▶ [AIM OF THE TASK]: Among the lines of data below, reproduce only those from the one with "in this development, so" through the one with "Hole Ms = hd", exactly as they stand, both ends included.

▶ [PROVIDED INFORMATION]:
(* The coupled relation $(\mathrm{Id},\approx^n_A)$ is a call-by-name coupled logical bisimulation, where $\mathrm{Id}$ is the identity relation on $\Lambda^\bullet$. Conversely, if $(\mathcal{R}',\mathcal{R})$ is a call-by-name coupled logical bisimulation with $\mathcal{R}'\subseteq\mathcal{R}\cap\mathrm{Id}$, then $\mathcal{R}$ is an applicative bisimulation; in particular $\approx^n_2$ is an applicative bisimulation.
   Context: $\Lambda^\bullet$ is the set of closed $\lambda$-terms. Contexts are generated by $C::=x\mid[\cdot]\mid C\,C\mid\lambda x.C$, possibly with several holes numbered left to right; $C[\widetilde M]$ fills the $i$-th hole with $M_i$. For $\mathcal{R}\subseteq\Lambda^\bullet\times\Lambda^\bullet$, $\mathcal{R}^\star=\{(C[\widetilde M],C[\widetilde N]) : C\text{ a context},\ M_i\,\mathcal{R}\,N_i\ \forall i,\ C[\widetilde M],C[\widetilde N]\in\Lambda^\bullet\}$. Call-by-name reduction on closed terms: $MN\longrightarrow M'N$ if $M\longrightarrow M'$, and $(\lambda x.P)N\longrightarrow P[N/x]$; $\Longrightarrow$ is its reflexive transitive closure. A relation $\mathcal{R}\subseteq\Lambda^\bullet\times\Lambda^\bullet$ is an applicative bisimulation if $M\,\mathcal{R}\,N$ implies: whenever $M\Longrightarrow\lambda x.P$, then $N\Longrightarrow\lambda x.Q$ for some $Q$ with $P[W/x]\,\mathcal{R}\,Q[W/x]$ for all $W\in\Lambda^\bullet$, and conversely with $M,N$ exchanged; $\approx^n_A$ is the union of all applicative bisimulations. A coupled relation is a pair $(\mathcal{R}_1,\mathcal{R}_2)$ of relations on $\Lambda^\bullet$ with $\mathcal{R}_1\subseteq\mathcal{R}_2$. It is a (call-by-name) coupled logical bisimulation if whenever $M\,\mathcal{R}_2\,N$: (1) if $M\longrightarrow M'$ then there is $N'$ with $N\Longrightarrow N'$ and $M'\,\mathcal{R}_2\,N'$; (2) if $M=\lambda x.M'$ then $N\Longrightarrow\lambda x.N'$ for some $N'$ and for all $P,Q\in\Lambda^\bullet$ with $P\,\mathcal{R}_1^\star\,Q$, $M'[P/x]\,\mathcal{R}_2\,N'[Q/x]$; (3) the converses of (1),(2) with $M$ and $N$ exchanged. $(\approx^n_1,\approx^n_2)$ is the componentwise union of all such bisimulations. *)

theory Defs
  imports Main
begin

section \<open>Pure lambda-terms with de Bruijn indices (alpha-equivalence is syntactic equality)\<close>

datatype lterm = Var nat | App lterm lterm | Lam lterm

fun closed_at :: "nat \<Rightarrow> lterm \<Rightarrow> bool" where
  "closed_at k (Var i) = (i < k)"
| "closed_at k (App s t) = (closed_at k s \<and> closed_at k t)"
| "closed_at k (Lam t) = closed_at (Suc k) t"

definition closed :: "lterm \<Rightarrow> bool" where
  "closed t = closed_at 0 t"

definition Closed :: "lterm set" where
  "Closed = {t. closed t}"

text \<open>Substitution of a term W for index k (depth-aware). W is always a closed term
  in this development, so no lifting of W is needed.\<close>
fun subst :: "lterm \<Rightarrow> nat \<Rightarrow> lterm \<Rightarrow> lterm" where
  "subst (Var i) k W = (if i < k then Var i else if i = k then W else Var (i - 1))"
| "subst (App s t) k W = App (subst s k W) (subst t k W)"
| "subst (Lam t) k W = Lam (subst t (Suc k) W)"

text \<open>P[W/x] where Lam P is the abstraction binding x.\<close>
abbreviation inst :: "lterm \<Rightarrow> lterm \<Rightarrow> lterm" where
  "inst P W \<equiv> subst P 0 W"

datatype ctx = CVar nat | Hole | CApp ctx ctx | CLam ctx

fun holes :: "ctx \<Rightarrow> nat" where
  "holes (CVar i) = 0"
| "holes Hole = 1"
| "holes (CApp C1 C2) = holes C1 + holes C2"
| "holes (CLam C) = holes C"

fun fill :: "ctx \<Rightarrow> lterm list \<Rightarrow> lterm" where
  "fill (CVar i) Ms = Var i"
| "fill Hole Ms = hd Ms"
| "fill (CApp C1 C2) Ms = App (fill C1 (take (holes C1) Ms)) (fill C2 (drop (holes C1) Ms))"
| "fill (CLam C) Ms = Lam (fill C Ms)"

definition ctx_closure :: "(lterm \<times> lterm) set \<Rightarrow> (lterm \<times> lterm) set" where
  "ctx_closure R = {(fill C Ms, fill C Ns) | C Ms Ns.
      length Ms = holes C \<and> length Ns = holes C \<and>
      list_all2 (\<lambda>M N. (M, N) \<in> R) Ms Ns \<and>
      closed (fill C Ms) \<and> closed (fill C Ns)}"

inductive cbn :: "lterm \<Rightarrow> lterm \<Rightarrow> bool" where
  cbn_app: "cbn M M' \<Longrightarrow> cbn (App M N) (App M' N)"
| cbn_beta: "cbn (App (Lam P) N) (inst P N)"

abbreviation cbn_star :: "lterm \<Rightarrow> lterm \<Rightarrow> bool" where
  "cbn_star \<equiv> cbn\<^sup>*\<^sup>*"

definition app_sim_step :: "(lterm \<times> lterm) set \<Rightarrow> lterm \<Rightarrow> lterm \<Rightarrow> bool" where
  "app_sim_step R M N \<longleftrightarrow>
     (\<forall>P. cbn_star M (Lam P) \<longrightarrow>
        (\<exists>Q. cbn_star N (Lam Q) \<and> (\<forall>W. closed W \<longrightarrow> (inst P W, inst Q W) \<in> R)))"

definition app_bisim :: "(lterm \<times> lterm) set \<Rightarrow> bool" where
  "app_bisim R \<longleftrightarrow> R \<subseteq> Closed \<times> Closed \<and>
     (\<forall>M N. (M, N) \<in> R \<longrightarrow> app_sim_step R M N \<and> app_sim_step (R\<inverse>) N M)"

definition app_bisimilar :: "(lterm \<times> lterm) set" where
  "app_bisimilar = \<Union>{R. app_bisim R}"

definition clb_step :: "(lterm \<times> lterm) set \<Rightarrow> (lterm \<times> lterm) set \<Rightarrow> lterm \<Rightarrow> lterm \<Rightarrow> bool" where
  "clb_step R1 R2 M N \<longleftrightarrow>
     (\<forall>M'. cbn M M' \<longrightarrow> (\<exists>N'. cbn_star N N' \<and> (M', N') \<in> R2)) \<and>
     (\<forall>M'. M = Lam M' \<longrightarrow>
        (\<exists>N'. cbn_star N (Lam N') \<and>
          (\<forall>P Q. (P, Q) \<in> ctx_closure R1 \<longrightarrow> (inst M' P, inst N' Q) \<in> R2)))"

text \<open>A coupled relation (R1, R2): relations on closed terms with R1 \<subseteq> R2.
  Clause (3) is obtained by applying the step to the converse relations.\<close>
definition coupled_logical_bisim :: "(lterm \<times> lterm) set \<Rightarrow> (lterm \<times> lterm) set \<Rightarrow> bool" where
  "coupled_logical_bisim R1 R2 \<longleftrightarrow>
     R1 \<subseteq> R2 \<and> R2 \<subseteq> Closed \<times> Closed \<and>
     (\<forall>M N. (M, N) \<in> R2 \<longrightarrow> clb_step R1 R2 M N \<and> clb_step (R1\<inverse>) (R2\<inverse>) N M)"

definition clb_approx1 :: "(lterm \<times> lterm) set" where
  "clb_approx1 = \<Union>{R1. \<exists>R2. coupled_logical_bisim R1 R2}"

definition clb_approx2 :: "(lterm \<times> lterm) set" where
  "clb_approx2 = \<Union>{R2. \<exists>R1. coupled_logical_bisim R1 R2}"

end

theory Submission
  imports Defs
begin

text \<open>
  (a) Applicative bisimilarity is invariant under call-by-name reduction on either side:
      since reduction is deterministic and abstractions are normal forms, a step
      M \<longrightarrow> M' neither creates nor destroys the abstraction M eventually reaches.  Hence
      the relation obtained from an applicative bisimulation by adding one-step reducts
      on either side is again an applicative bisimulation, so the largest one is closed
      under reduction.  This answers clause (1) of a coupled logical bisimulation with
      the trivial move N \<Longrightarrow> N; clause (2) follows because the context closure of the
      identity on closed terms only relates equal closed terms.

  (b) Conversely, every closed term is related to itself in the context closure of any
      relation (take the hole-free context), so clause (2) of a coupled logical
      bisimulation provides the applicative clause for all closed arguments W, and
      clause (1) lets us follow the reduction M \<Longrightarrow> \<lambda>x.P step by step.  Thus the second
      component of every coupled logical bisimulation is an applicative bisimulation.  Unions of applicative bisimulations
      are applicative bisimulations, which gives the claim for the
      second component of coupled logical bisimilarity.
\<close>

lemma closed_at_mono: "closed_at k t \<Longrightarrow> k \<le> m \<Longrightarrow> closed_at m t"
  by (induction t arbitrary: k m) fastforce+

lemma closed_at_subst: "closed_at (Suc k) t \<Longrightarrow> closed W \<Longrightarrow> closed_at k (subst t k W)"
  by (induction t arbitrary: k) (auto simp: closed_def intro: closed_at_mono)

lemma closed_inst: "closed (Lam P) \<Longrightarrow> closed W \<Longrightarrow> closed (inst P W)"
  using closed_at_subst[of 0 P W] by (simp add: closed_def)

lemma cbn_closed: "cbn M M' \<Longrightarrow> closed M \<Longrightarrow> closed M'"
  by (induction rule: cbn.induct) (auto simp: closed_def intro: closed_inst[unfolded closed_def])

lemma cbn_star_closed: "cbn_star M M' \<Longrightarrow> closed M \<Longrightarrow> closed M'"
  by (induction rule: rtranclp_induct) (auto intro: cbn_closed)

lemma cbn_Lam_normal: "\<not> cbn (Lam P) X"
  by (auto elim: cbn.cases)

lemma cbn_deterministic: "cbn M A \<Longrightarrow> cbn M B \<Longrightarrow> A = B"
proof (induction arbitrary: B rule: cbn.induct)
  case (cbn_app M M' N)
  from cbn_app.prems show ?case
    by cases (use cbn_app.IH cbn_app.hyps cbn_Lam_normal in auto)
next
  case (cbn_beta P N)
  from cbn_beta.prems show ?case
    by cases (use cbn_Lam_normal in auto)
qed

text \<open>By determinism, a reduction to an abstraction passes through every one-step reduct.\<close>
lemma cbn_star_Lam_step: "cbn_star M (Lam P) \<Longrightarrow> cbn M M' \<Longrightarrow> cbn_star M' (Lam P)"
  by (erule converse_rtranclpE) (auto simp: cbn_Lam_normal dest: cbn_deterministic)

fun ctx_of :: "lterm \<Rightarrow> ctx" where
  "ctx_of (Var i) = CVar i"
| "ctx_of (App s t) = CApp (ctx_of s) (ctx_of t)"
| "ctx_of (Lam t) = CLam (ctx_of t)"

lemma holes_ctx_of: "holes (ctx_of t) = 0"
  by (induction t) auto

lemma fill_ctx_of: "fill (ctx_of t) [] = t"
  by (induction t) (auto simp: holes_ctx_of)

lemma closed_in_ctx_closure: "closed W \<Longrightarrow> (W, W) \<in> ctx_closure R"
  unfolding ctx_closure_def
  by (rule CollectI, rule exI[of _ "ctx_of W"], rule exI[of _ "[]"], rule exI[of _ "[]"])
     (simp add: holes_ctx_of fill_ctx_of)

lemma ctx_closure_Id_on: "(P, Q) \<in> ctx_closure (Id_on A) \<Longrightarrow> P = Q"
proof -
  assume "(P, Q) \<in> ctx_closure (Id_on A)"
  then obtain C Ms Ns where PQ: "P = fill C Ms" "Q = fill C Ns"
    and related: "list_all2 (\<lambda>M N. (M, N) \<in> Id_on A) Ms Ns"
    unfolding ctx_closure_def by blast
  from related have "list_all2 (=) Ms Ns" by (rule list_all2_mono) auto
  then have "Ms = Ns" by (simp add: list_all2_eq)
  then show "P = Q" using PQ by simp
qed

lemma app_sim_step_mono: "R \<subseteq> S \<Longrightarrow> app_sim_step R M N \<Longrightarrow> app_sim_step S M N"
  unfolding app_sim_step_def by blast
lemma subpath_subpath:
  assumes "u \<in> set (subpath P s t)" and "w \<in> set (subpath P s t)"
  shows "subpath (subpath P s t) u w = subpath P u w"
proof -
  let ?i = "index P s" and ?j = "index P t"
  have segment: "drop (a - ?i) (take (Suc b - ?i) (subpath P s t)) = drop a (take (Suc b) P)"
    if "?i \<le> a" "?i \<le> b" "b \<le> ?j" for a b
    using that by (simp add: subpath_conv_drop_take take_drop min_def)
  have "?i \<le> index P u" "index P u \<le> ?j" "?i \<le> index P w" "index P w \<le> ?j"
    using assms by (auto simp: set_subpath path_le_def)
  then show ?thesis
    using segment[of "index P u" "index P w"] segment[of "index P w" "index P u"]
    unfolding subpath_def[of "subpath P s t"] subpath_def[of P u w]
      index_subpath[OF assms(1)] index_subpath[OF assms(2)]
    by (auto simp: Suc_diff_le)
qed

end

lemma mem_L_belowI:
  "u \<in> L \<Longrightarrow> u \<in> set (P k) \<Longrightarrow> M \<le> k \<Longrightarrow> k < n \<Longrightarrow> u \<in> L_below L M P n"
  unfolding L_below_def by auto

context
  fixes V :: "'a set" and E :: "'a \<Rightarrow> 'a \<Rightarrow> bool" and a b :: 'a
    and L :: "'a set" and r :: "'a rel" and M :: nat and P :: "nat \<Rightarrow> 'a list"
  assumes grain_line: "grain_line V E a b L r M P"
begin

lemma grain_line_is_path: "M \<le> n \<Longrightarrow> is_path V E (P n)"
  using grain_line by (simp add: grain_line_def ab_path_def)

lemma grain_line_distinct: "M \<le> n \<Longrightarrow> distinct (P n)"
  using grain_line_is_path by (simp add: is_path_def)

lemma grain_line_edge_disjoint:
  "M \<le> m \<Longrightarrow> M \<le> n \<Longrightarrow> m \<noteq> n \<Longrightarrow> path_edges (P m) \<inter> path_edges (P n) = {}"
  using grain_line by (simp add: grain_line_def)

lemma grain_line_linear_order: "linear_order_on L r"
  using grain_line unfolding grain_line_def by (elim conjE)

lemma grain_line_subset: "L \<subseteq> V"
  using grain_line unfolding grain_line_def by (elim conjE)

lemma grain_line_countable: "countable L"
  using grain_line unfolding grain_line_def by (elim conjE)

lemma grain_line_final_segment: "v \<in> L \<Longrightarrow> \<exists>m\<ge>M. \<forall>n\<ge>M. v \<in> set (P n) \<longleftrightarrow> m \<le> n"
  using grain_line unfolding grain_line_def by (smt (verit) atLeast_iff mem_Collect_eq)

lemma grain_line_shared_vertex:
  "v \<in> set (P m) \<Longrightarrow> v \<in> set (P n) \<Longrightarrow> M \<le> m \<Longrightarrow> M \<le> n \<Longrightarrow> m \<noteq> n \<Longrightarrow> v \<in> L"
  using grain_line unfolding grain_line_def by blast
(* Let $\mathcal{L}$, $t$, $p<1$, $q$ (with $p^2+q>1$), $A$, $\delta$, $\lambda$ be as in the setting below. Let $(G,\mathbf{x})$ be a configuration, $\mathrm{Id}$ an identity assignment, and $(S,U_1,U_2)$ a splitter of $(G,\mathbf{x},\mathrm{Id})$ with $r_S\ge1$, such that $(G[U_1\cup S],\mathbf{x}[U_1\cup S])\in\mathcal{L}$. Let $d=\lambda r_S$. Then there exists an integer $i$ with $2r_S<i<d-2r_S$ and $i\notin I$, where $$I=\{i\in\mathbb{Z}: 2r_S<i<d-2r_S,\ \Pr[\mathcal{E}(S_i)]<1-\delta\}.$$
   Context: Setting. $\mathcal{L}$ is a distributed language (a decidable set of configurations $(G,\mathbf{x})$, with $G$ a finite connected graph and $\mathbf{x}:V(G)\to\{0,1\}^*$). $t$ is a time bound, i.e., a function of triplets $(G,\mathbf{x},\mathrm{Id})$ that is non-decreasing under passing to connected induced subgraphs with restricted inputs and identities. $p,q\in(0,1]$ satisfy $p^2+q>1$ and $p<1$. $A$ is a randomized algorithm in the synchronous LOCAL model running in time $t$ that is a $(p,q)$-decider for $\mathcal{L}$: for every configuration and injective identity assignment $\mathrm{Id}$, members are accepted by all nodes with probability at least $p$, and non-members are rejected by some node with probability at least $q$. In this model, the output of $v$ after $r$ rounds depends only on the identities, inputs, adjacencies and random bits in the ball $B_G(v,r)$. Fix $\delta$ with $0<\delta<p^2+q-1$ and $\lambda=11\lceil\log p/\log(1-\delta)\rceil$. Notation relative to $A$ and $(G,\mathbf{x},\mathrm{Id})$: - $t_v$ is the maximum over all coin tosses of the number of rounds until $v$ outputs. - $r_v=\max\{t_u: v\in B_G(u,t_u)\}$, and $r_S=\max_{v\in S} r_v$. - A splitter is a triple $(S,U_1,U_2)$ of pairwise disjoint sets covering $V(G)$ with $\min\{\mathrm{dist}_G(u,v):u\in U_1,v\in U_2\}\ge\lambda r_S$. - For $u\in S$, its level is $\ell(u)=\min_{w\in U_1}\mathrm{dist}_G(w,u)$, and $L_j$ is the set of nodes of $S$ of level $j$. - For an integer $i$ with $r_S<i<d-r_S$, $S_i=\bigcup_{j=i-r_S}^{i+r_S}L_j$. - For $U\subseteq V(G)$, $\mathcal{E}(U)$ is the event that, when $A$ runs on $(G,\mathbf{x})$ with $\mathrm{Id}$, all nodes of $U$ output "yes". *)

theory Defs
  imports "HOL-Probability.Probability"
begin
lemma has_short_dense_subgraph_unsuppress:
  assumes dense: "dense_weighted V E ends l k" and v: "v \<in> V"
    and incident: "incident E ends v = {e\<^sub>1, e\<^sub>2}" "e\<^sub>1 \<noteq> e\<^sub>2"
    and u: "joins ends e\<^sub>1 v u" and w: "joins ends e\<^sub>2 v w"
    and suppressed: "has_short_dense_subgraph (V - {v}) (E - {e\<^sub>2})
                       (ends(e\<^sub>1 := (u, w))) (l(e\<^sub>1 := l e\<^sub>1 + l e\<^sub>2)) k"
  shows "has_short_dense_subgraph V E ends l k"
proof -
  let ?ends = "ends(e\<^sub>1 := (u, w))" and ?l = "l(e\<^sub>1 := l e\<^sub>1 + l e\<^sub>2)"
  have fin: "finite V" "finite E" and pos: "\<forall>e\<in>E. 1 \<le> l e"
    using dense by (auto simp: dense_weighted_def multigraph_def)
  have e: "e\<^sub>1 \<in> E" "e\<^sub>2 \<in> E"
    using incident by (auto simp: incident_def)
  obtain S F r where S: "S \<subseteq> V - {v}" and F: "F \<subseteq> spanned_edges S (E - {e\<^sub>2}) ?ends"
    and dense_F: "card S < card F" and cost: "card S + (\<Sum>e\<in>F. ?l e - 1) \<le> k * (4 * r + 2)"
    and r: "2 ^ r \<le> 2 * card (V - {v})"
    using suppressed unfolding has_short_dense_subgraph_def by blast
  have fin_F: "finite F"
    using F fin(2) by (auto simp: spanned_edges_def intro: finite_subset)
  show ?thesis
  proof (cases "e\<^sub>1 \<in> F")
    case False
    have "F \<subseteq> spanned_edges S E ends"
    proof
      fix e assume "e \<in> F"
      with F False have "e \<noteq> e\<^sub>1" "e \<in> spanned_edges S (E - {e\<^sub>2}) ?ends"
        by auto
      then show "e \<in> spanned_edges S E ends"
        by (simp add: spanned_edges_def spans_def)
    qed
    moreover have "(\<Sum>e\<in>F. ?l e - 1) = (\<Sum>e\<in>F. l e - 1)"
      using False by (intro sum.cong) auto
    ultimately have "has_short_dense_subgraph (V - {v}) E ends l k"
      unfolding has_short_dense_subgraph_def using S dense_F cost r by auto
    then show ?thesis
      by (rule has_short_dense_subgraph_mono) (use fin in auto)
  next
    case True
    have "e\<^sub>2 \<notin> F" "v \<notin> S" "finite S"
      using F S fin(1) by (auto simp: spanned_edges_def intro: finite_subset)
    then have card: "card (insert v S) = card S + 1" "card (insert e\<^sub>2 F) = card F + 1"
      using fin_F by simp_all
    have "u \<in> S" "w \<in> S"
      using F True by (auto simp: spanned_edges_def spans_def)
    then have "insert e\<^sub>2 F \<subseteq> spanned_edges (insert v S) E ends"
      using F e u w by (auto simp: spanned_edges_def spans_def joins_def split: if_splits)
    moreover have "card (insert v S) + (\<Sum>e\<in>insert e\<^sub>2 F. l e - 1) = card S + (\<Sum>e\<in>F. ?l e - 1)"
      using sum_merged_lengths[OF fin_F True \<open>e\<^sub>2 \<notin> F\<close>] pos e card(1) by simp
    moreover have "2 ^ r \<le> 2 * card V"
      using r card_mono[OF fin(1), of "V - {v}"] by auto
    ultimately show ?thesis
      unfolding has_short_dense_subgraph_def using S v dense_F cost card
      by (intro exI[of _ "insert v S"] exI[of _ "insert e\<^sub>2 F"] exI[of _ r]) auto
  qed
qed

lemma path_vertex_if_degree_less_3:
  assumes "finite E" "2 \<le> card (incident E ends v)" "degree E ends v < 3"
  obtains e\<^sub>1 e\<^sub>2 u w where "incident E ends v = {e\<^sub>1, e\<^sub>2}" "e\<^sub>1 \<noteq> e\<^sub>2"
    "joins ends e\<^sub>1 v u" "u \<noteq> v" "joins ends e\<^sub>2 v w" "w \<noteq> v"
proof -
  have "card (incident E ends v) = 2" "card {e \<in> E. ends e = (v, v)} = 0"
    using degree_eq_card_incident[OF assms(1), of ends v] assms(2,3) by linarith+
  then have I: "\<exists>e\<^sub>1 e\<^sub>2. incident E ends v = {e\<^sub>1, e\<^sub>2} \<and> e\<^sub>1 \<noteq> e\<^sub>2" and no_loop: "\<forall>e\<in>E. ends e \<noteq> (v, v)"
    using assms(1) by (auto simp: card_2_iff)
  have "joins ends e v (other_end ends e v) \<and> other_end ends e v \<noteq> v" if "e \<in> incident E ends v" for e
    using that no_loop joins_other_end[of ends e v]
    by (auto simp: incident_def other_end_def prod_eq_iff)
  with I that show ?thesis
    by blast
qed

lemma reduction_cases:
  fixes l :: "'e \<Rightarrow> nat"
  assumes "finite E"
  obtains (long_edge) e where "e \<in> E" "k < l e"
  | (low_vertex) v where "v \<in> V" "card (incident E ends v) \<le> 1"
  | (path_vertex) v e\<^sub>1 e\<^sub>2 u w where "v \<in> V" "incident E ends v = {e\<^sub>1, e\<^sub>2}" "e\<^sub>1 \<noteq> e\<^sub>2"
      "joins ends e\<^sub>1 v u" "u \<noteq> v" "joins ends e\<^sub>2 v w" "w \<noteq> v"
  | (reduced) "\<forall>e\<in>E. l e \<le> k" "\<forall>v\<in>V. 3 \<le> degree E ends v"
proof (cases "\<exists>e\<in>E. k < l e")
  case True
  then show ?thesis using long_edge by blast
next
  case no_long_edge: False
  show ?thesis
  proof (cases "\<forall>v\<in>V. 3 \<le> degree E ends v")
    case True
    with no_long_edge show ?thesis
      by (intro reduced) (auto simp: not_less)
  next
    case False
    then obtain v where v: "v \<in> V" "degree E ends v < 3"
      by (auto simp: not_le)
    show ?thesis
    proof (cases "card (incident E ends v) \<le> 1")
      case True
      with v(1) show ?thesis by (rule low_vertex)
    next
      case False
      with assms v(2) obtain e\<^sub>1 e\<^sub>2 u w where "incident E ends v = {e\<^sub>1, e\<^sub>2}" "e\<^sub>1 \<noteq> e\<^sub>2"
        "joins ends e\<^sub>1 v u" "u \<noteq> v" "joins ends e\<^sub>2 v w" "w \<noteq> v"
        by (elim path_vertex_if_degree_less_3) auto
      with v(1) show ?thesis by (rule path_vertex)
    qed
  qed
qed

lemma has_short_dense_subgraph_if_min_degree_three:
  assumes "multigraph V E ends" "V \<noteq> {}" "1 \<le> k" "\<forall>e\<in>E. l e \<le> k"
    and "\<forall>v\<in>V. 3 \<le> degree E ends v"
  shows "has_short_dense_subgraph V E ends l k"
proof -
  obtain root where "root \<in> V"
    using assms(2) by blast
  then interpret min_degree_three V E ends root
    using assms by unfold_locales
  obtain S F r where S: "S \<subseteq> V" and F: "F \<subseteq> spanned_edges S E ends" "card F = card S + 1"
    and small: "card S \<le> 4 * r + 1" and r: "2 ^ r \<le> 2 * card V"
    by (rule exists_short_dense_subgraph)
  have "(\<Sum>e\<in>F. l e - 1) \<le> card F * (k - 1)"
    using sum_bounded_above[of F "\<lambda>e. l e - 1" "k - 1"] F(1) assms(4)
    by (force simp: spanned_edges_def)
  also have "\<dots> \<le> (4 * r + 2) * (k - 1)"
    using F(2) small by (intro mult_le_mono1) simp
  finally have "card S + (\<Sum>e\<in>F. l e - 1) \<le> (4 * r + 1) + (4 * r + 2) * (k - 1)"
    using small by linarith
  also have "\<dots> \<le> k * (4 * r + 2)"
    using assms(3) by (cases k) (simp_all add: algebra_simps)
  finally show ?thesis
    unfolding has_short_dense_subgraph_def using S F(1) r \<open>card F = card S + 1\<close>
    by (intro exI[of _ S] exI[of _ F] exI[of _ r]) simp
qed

▶ [FINISHED EXERCISE]:
  in this development, so no lifting of W is needed.\<close>
fun subst :: "lterm \<Rightarrow> nat \<Rightarrow> lterm \<Rightarrow> lterm" where
  "subst (Var i) k W = (if i < k then Var i else if i = k then W else Var (i - 1))"
| "subst (App s t) k W = App (subst s k W) (subst t k W)"
| "subst (Lam t) k W = Lam (subst t (Suc k) W)"

text \<open>P[W/x] where Lam P is the abstraction binding x.\<close>
abbreviation inst :: "lterm \<Rightarrow> lterm \<Rightarrow> lterm" where
  "inst P W \<equiv> subst P 0 W"

datatype ctx = CVar nat | Hole | CApp ctx ctx | CLam ctx

fun holes :: "ctx \<Rightarrow> nat" where
  "holes (CVar i) = 0"
| "holes Hole = 1"
| "holes (CApp C1 C2) = holes C1 + holes C2"
| "holes (CLam C) = holes C"

fun fill :: "ctx \<Rightarrow> lterm list \<Rightarrow> lterm" where
  "fill (CVar i) Ms = Var i"
| "fill Hole Ms = hd Ms"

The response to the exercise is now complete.